= Excerpted records =
text \<open>
  The first harmonic has amplitude \<open>2 |(b X, Z)| \<ge> 2 |(X, Z)|\<close>, the third one at most
  \<open>(b - 1)/2 |(X, Z)|\<close>; this is where \<open>b \<le> 2\<close> enters.
\<close>

lemma chord_defect_trig_zero_antipodal:
  assumes "1 \<le> b" "b \<le> 2" "(X, Z) \<noteq> 0"
  obtains t0 where "chord_defect_trig b X Z t0 = 0"
    and "\<And>t. chord_defect_trig b X Z t = 0 \<Longrightarrow>
           (cos t, sin t) = (cos t0, sin t0) \<or> (cos t, sin t) = - (cos t0, sin t0)"
proof -
  define k where "k = (b - 1) / 2"
  define A where "A = norm (X, Z)"
  define C where "C = norm (b * X + sqrt 3 * Z, Z - sqrt 3 * b * X)"
  obtain psi where "(b * X + sqrt 3 * Z, Z - sqrt 3 * b * X) = C *\<^sub>R (cos psi, sin psi)"
    unfolding C_def by (rule polar_Pair)
  then have psi: "b * X + sqrt 3 * Z = C * cos psi" "Z - sqrt 3 * b * X = C * sin psi"
    by simp_all
  define e where "e u = k * (X * cos (3 * (u + psi)) + Z * sin (3 * (u + psi)))" for u
  define e' where "e' u = 3 * k * (Z * cos (3 * (u + psi)) - X * sin (3 * (u + psi)))" for u
  have shift: "chord_defect_trig b X Z (u + psi) = C * cos u + e u" for u
  proof -
    have "chord_defect_trig b X Z (u + psi)
        = C * (cos psi * cos (u + psi) + sin psi * sin (u + psi)) + e u"
      unfolding chord_defect_trig_def psi e_def k_def by (simp add: algebra_simps)
    also have "cos psi * cos (u + psi) + sin psi * sin (u + psi) = cos u"
      using cos_diff[of "u + psi" psi] by (simp add: mult.commute)
    finally show ?thesis .
  qed
  have k: "0 \<le> k" "k \<le> 1 / 2" using assms by (auto simp: k_def)
  have "X ^ 2 \<le> (b * X) ^ 2"
    using assms(1) mult_right_mono[of 1 "b ^ 2" "X ^ 2"] by (simp add: power_mult_distrib one_le_power)
  then have "(2 * A) ^ 2 \<le> 4 * ((b * X) ^ 2 + Z ^ 2)"
    unfolding power_mult_distrib A_def power2_norm_Pair_real by simp
  also have "\<dots> = C ^ 2"
    unfolding C_def power2_norm_Pair_real by (simp add: power2_eq_square algebra_simps)
  finally have "2 * A \<le> C" by (rule power2_le_imp_le) (simp add: C_def)
  moreover have "0 < A" using assms(3) by (simp add: A_def)
  ultimately have C_pos: "0 < C" by linarith
  have "k * A \<le> 1 / 2 * A" using k \<open>0 < A\<close> by (intro mult_right_mono) auto
  with \<open>2 * A \<le> C\<close> have kA: "k * A \<le> C / 4" by linarith
  have e_bound: "\<bar>e u\<bar> \<le> C / 4" for u
  proof -
    have "\<bar>e u\<bar> \<le> k * A"
      unfolding e_def A_def abs_mult using k abs_cos_sin_comb_le by (simp add: mult_left_mono)
    with kA show ?thesis by simp
  qed
  have e'_bound: "\<bar>e' u\<bar> \<le> 3 * C / 4" for u
  proof -
    have "\<bar>Z * cos (3 * (u + psi)) + (- X) * sin (3 * (u + psi))\<bar> \<le> A"
      using abs_cos_sin_comb_le[of Z _ "- X"] by (simp add: A_def norm_Pair_real add.commute)
    then have "\<bar>e' u\<bar> \<le> 3 * (k * A)"
      unfolding e'_def abs_mult using k by (simp add: mult_left_mono)
    with kA show ?thesis by simp
  qed
  have e_deriv: "(e has_real_derivative e' u) (at u)" for u
    unfolding e_def e'_def by (auto intro!: derivative_eq_intros simp: algebra_simps)
  have e_antiperiodic: "e (u + pi) = - e u" for u
  proof -
    have "cos (3 * (u + pi + psi)) = - cos (3 * (u + psi))"
      "sin (3 * (u + pi + psi)) = - sin (3 * (u + psi))"
      using cos_treble_cos[of "u + pi + psi"] cos_treble_cos[of "u + psi"]
        sin_treble_sin[of "u + pi + psi"] sin_treble_sin[of "u + psi"]
      by (simp_all add: add.commute add.left_commute del: distrib_left_numeral)
    then show ?thesis by (simp add: e_def algebra_simps)
  qed
  have e_on_circle: "e u = e v" if "cos u = cos v" "sin u = sin v" for u v
    unfolding e_def using that by (simp add: cos_treble_cos sin_treble_sin cos_add sin_add)
  obtain u0 where u0: "C * cos u0 + e u0 = 0" and antipodal:
    "\<And>u. C * cos u + e u = 0 \<Longrightarrow>
       (cos u, sin u) = (cos u0, sin u0) \<or> (cos u, sin u) = - (cos u0, sin u0)"
    using perturbed_cos_zero_antipodal[OF C_pos e_deriv e_bound e'_bound e_antiperiodic e_on_circle]
    by blast
  show ?thesis
  proof (rule that[of "u0 + psi"])
    show "chord_defect_trig b X Z (u0 + psi) = 0" using u0 shift by simp
    fix t assume "chord_defect_trig b X Z t = 0"
    then have "C * cos (t - psi) + e (t - psi) = 0" using shift[of "t - psi"] by simp
    then have "(cos (t - psi), sin (t - psi)) = (cos u0, sin u0) \<or>
               (cos (t - psi), sin (t - psi)) = - (cos u0, sin u0)"
      by (rule antipodal)
    then show "(cos t, sin t) = (cos (u0 + psi), sin (u0 + psi)) \<or>
               (cos t, sin t) = - (cos (u0 + psi), sin (u0 + psi))"
      using cos_add[of "t - psi" psi] sin_add[of "t - psi" psi] by (auto simp: cos_add sin_add)
  qed
qed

= What to do =
Would you please write the entries out again in full, exactly as given?

= Answer box =
text \<open>
  The first harmonic has amplitude \<open>2 |(b X, Z)| \<ge> 2 |(X, Z)|\<close>, the third one at most
  \<open>(b - 1)/2 |(X, Z)|\<close>; this is where \<open>b \<le> 2\<close> enters.
\<close>

lemma chord_defect_trig_zero_antipodal:
  assumes "1 \<le> b" "b \<le> 2" "(X, Z) \<noteq> 0"
  obtains t0 where "chord_defect_trig b X Z t0 = 0"
    and "\<And>t. chord_defect_trig b X Z t = 0 \<Longrightarrow>
           (cos t, sin t) = (cos t0, sin t0) \<or> (cos t, sin t) = - (cos t0, sin t0)"
proof -
  define k where "k = (b - 1) / 2"
  define A where "A = norm (X, Z)"
  define C where "C = norm (b * X + sqrt 3 * Z, Z - sqrt 3 * b * X)"
  obtain psi where "(b * X + sqrt 3 * Z, Z - sqrt 3 * b * X) = C *\<^sub>R (cos psi, sin psi)"
    unfolding C_def by (rule polar_Pair)
  then have psi: "b * X + sqrt 3 * Z = C * cos psi" "Z - sqrt 3 * b * X = C * sin psi"
    by simp_all
  define e where "e u = k * (X * cos (3 * (u + psi)) + Z * sin (3 * (u + psi)))" for u
  define e' where "e' u = 3 * k * (Z * cos (3 * (u + psi)) - X * sin (3 * (u + psi)))" for u
  have shift: "chord_defect_trig b X Z (u + psi) = C * cos u + e u" for u
  proof -
    have "chord_defect_trig b X Z (u + psi)
        = C * (cos psi * cos (u + psi) + sin psi * sin (u + psi)) + e u"
      unfolding chord_defect_trig_def psi e_def k_def by (simp add: algebra_simps)
    also have "cos psi * cos (u + psi) + sin psi * sin (u + psi) = cos u"
      using cos_diff[of "u + psi" psi] by (simp add: mult.commute)
    finally show ?thesis .
  qed
  have k: "0 \<le> k" "k \<le> 1 / 2" using assms by (auto simp: k_def)
  have "X ^ 2 \<le> (b * X) ^ 2"
    using assms(1) mult_right_mono[of 1 "b ^ 2" "X ^ 2"] by (simp add: power_mult_distrib one_le_power)
  then have "(2 * A) ^ 2 \<le> 4 * ((b * X) ^ 2 + Z ^ 2)"
    unfolding power_mult_distrib A_def power2_norm_Pair_real by simp
  also have "\<dots> = C ^ 2"
    unfolding C_def power2_norm_Pair_real by (simp add: power2_eq_square algebra_simps)
  finally have "2 * A \<le> C" by (rule power2_le_imp_le) (simp add: C_def)
  moreover have "0 < A" using assms(3) by (simp add: A_def)
  ultimately have C_pos: "0 < C" by linarith
  have "k * A \<le> 1 / 2 * A" using k \<open>0 < A\<close> by (intro mult_right_mono) auto
  with \<open>2 * A \<le> C\<close> have kA: "k * A \<le> C / 4" by linarith
  have e_bound: "\<bar>e u\<bar> \<le> C / 4" for u
  proof -
    have "\<bar>e u\<bar> \<le> k * A"
      unfolding e_def A_def abs_mult using k abs_cos_sin_comb_le by (simp add: mult_left_mono)
    with kA show ?thesis by simp
  qed
  have e'_bound: "\<bar>e' u\<bar> \<le> 3 * C / 4" for u
  proof -
    have "\<bar>Z * cos (3 * (u + psi)) + (- X) * sin (3 * (u + psi))\<bar> \<le> A"
      using abs_cos_sin_comb_le[of Z _ "- X"] by (simp add: A_def norm_Pair_real add.commute)
    then have "\<bar>e' u\<bar> \<le> 3 * (k * A)"
      unfolding e'_def abs_mult using k by (simp add: mult_left_mono)
    with kA show ?thesis by simp
  qed
  have e_deriv: "(e has_real_derivative e' u) (at u)" for u
    unfolding e_def e'_def by (auto intro!: derivative_eq_intros simp: algebra_simps)
  have e_antiperiodic: "e (u + pi) = - e u" for u
  proof -
    have "cos (3 * (u + pi + psi)) = - cos (3 * (u + psi))"
      "sin (3 * (u + pi + psi)) = - sin (3 * (u + psi))"
      using cos_treble_cos[of "u + pi + psi"] cos_treble_cos[of "u + psi"]
        sin_treble_sin[of "u + pi + psi"] sin_treble_sin[of "u + psi"]
      by (simp_all add: add.commute add.left_commute del: distrib_left_numeral)
    then show ?thesis by (simp add: e_def algebra_simps)
  qed
  have e_on_circle: "e u = e v" if "cos u = cos v" "sin u = sin v" for u v
    unfolding e_def using that by (simp add: cos_treble_cos sin_treble_sin cos_add sin_add)
  obtain u0 where u0: "C * cos u0 + e u0 = 0" and antipodal:
    "\<And>u. C * cos u + e u = 0 \<Longrightarrow>
       (cos u, sin u) = (cos u0, sin u0) \<or> (cos u, sin u) = - (cos u0, sin u0)"
    using perturbed_cos_zero_antipodal[OF C_pos e_deriv e_bound e'_bound e_antiperiodic e_on_circle]
    by blast
  show ?thesis
  proof (rule that[of "u0 + psi"])
    show "chord_defect_trig b X Z (u0 + psi) = 0" using u0 shift by simp
    fix t assume "chord_defect_trig b X Z t = 0"
    then have "C * cos (t - psi) + e (t - psi) = 0" using shift[of "t - psi"] by simp
    then have "(cos (t - psi), sin (t - psi)) = (cos u0, sin u0) \<or>
               (cos (t - psi), sin (t - psi)) = - (cos u0, sin u0)"
      by (rule antipodal)
    then show "(cos t, sin t) = (cos (u0 + psi), sin (u0 + psi)) \<or>
               (cos t, sin t) = - (cos (u0 + psi), sin (u0 + psi))"
      using cos_add[of "t - psi" psi] sin_add[of "t - psi" psi] by (auto simp: cos_add sin_add)
  qed
qed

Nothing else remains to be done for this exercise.